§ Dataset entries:

lemma exp_points_swap_ascent:
  assumes "Suc i < length \<alpha>" "\<alpha>!i < \<alpha>!Suc i"
  shows "exp_points (swap_entries i (Suc i) \<alpha>) \<subseteq> exp_points \<alpha>"
    and "swap_coords i ` exp_points (swap_entries i (Suc i) \<alpha>) \<subseteq> exp_points \<alpha>"
proof -
  show "exp_points (swap_entries i (Suc i) \<alpha>) \<subseteq> exp_points \<alpha>"
    using tableau_lower_swap_ascent_subset[OF assms] by (auto simp: exp_points_def)
  have "swap_coords i (exp_point (Poly_Mapping.nth \<beta>)) \<in> exp_points \<alpha>"
    if "\<beta> \<in> tableau_lower (swap_entries i (Suc i) \<alpha>)" for \<beta>
  proof -
    have "Suc i < length \<beta>" using that assms by (simp add: tableau_lower_def)
    hence "swap_coords i (exp_point (Poly_Mapping.nth \<beta>)) = exp_point (Poly_Mapping.nth (swap_entries i (Suc i) \<beta>))"
      by (simp add: nth_swap_entries_adjacent exp_point_swap_exp)
    thus ?thesis
      using swap_mem_tableau_lower_of_swap_ascent[OF assms that] by (simp add: exp_points_def)
  qed
  thus "swap_coords i ` exp_points (swap_entries i (Suc i) \<alpha>) \<subseteq> exp_points \<alpha>"
    by (auto simp: exp_points_def)
qed

lemma keyrel_newton:
  "keyrel \<alpha> f \<Longrightarrow> exp_point ` Poly_Mapping.keys f \<subseteq> convex hull (exp_points \<alpha>) \<and>
     (\<forall>\<beta>\<in>tableau_lower \<alpha>. Poly_Mapping.lookup f (Poly_Mapping.nth \<beta>) = 1)"
proof (induction rule: keyrel.induct)
  case (dec \<alpha>)
  hence "tableau_lower \<alpha> = {\<alpha>}" using tableau_lower_sorted self_mem_tableau_lower by blast
  thus ?case by (auto simp: monom_def exp_points_def intro!: hull_inc)
next
  case (step i \<alpha> g)
  let ?\<alpha>' = "swap_entries i (Suc i) \<alpha>" and ?Q = "convex hull (exp_points \<alpha>)"
  have n: "Suc i < length \<alpha>" and a: "\<alpha>!i < \<alpha>!Suc i" using step.hyps by auto
  have IH: "exp_point ` Poly_Mapping.keys g \<subseteq> convex hull (exp_points ?\<alpha>')"
    "\<forall>\<beta>\<in>tableau_lower ?\<alpha>'. Poly_Mapping.lookup g (Poly_Mapping.nth \<beta>) = 1"
    using step.IH by (simp_all add: swap_entries_def)
  have "convex hull (exp_points ?\<alpha>') \<subseteq> ?Q"
    using exp_points_swap_ascent(1)[OF n a] by (rule hull_mono)
  moreover have "swap_coords i ` (convex hull (exp_points ?\<alpha>')) \<subseteq> ?Q"
    using hull_mono[OF exp_points_swap_ascent(2)[OF n a]]
    by (simp add: convex_hull_linear_image[OF linear_swap_coords])
  ultimately have ends: "exp_point m \<in> ?Q \<and> exp_point (swap_exp i m) \<in> ?Q" if "m \<in> Poly_Mapping.keys g" for m
    using IH(1) that by (auto simp: exp_point_swap_exp image_subset_iff)
  have "Poly_Mapping.lookup (demazure i g) (Poly_Mapping.nth \<beta>) = 1" if \<beta>: "\<beta> \<in> tableau_lower \<alpha>" for \<beta>
  proof -
    have nb: "Suc i < length \<beta>" using \<beta> n by (simp add: tableau_lower_def)
    have "exp_point (Poly_Mapping.nth \<beta>) extreme_point_of ?Q"
      using \<beta> by (intro extreme_point_exp_points) (simp add: exp_points_def)
    hence "Poly_Mapping.lookup (demazure i g) (Poly_Mapping.nth \<beta>) =
        (if \<beta>!i < \<beta>!Suc i then Poly_Mapping.lookup g (Poly_Mapping.nth (swap_entries i (Suc i) \<beta>))
         else Poly_Mapping.lookup g (Poly_Mapping.nth \<beta>))"
      using lookup_demazure_at_extreme_point[OF ends] nb
      by (simp add: nth_swap_entries_adjacent nth_default_def)
    thus ?thesis
      using IH(2) mem_tableau_lower_swap_ascent[OF n a \<beta>] swap_mem_tableau_lower_swap_ascent[OF n a \<beta>]
      by (simp add: not_less)
  qed
  thus ?case using exp_points_demazure_subset[OF convex_convex_hull ends] by blast
qed

lemma newton_key: "newton (key \<alpha>) = convex hull (exp_points \<alpha>)"
proof -
  have K: "exp_point ` Poly_Mapping.keys (key \<alpha>) \<subseteq> convex hull (exp_points \<alpha>)"
    "\<forall>\<beta>\<in>tableau_lower \<alpha>. Poly_Mapping.lookup (key \<alpha>) (Poly_Mapping.nth \<beta>) = 1"
    using keyrel_newton[OF keyrel_key] by auto
  have "exp_points \<alpha> \<subseteq> exp_point ` Poly_Mapping.keys (key \<alpha>)"
    using K(2) by (auto simp: exp_points_def in_keys_iff)
  thus ?thesis
    unfolding newton_def using K(1) by (metis convex_convex_hull hull_minimal hull_mono subset_antisym)
qed

theorem theorem1p2:
  fixes \<alpha> :: "nat list"
  shows "vertices (newton (key \<alpha>)) = (\<lambda>\<beta>. exp_point (Poly_Mapping.nth \<beta>)) ` {\<beta>. comp_le \<beta> \<alpha>}"
proof -
  have "vertices (newton (key \<alpha>)) = exp_points \<alpha>"
    unfolding vertices_def newton_key
    using extreme_point_of_convex_hull extreme_point_exp_points by blast
  thus ?thesis by (simp add: exp_points_def comp_le_iff_tableau_lower)
qed

end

§ WHAT YOU SHOULD DO:
From the records above, extract every entry verbatim.

§ RESPONSE TO THIS EXERCISE:
lemma exp_points_swap_ascent:
  assumes "Suc i < length \<alpha>" "\<alpha>!i < \<alpha>!Suc i"
  shows "exp_points (swap_entries i (Suc i) \<alpha>) \<subseteq> exp_points \<alpha>"
    and "swap_coords i ` exp_points (swap_entries i (Suc i) \<alpha>) \<subseteq> exp_points \<alpha>"
proof -
  show "exp_points (swap_entries i (Suc i) \<alpha>) \<subseteq> exp_points \<alpha>"
    using tableau_lower_swap_ascent_subset[OF assms] by (auto simp: exp_points_def)
  have "swap_coords i (exp_point (Poly_Mapping.nth \<beta>)) \<in> exp_points \<alpha>"
    if "\<beta> \<in> tableau_lower (swap_entries i (Suc i) \<alpha>)" for \<beta>
  proof -
    have "Suc i < length \<beta>" using that assms by (simp add: tableau_lower_def)
    hence "swap_coords i (exp_point (Poly_Mapping.nth \<beta>)) = exp_point (Poly_Mapping.nth (swap_entries i (Suc i) \<beta>))"
      by (simp add: nth_swap_entries_adjacent exp_point_swap_exp)
    thus ?thesis
      using swap_mem_tableau_lower_of_swap_ascent[OF assms that] by (simp add: exp_points_def)
  qed
  thus "swap_coords i ` exp_points (swap_entries i (Suc i) \<alpha>) \<subseteq> exp_points \<alpha>"
    by (auto simp: exp_points_def)
qed

lemma keyrel_newton:
  "keyrel \<alpha> f \<Longrightarrow> exp_point ` Poly_Mapping.keys f \<subseteq> convex hull (exp_points \<alpha>) \<and>
     (\<forall>\<beta>\<in>tableau_lower \<alpha>. Poly_Mapping.lookup f (Poly_Mapping.nth \<beta>) = 1)"
proof (induction rule: keyrel.induct)
  case (dec \<alpha>)
  hence "tableau_lower \<alpha> = {\<alpha>}" using tableau_lower_sorted self_mem_tableau_lower by blast
  thus ?case by (auto simp: monom_def exp_points_def intro!: hull_inc)
next
  case (step i \<alpha> g)
  let ?\<alpha>' = "swap_entries i (Suc i) \<alpha>" and ?Q = "convex hull (exp_points \<alpha>)"
  have n: "Suc i < length \<alpha>" and a: "\<alpha>!i < \<alpha>!Suc i" using step.hyps by auto
  have IH: "exp_point ` Poly_Mapping.keys g \<subseteq> convex hull (exp_points ?\<alpha>')"
    "\<forall>\<beta>\<in>tableau_lower ?\<alpha>'. Poly_Mapping.lookup g (Poly_Mapping.nth \<beta>) = 1"
    using step.IH by (simp_all add: swap_entries_def)
  have "convex hull (exp_points ?\<alpha>') \<subseteq> ?Q"
    using exp_points_swap_ascent(1)[OF n a] by (rule hull_mono)
  moreover have "swap_coords i ` (convex hull (exp_points ?\<alpha>')) \<subseteq> ?Q"
    using hull_mono[OF exp_points_swap_ascent(2)[OF n a]]
    by (simp add: convex_hull_linear_image[OF linear_swap_coords])
  ultimately have ends: "exp_point m \<in> ?Q \<and> exp_point (swap_exp i m) \<in> ?Q" if "m \<in> Poly_Mapping.keys g" for m
    using IH(1) that by (auto simp: exp_point_swap_exp image_subset_iff)
  have "Poly_Mapping.lookup (demazure i g) (Poly_Mapping.nth \<beta>) = 1" if \<beta>: "\<beta> \<in> tableau_lower \<alpha>" for \<beta>
  proof -
    have nb: "Suc i < length \<beta>" using \<beta> n by (simp add: tableau_lower_def)
    have "exp_point (Poly_Mapping.nth \<beta>) extreme_point_of ?Q"
      using \<beta> by (intro extreme_point_exp_points) (simp add: exp_points_def)
    hence "Poly_Mapping.lookup (demazure i g) (Poly_Mapping.nth \<beta>) =
        (if \<beta>!i < \<beta>!Suc i then Poly_Mapping.lookup g (Poly_Mapping.nth (swap_entries i (Suc i) \<beta>))
         else Poly_Mapping.lookup g (Poly_Mapping.nth \<beta>))"
      using lookup_demazure_at_extreme_point[OF ends] nb
      by (simp add: nth_swap_entries_adjacent nth_default_def)
    thus ?thesis
      using IH(2) mem_tableau_lower_swap_ascent[OF n a \<beta>] swap_mem_tableau_lower_swap_ascent[OF n a \<beta>]
      by (simp add: not_less)
  qed
  thus ?case using exp_points_demazure_subset[OF convex_convex_hull ends] by blast
qed

lemma newton_key: "newton (key \<alpha>) = convex hull (exp_points \<alpha>)"
proof -
  have K: "exp_point ` Poly_Mapping.keys (key \<alpha>) \<subseteq> convex hull (exp_points \<alpha>)"
    "\<forall>\<beta>\<in>tableau_lower \<alpha>. Poly_Mapping.lookup (key \<alpha>) (Poly_Mapping.nth \<beta>) = 1"
    using keyrel_newton[OF keyrel_key] by auto
  have "exp_points \<alpha> \<subseteq> exp_point ` Poly_Mapping.keys (key \<alpha>)"
    using K(2) by (auto simp: exp_points_def in_keys_iff)
  thus ?thesis
    unfolding newton_def using K(1) by (metis convex_convex_hull hull_minimal hull_mono subset_antisym)
qed

theorem theorem1p2:
  fixes \<alpha> :: "nat list"
  shows "vertices (newton (key \<alpha>)) = (\<lambda>\<beta>. exp_point (Poly_Mapping.nth \<beta>)) ` {\<beta>. comp_le \<beta> \<alpha>}"
proof -
  have "vertices (newton (key \<alpha>)) = exp_points \<alpha>"
    unfolding vertices_def newton_key
    using extreme_point_of_convex_hull extreme_point_exp_points by blast
  thus ?thesis by (simp add: exp_points_def comp_le_iff_tableau_lower)
qed

end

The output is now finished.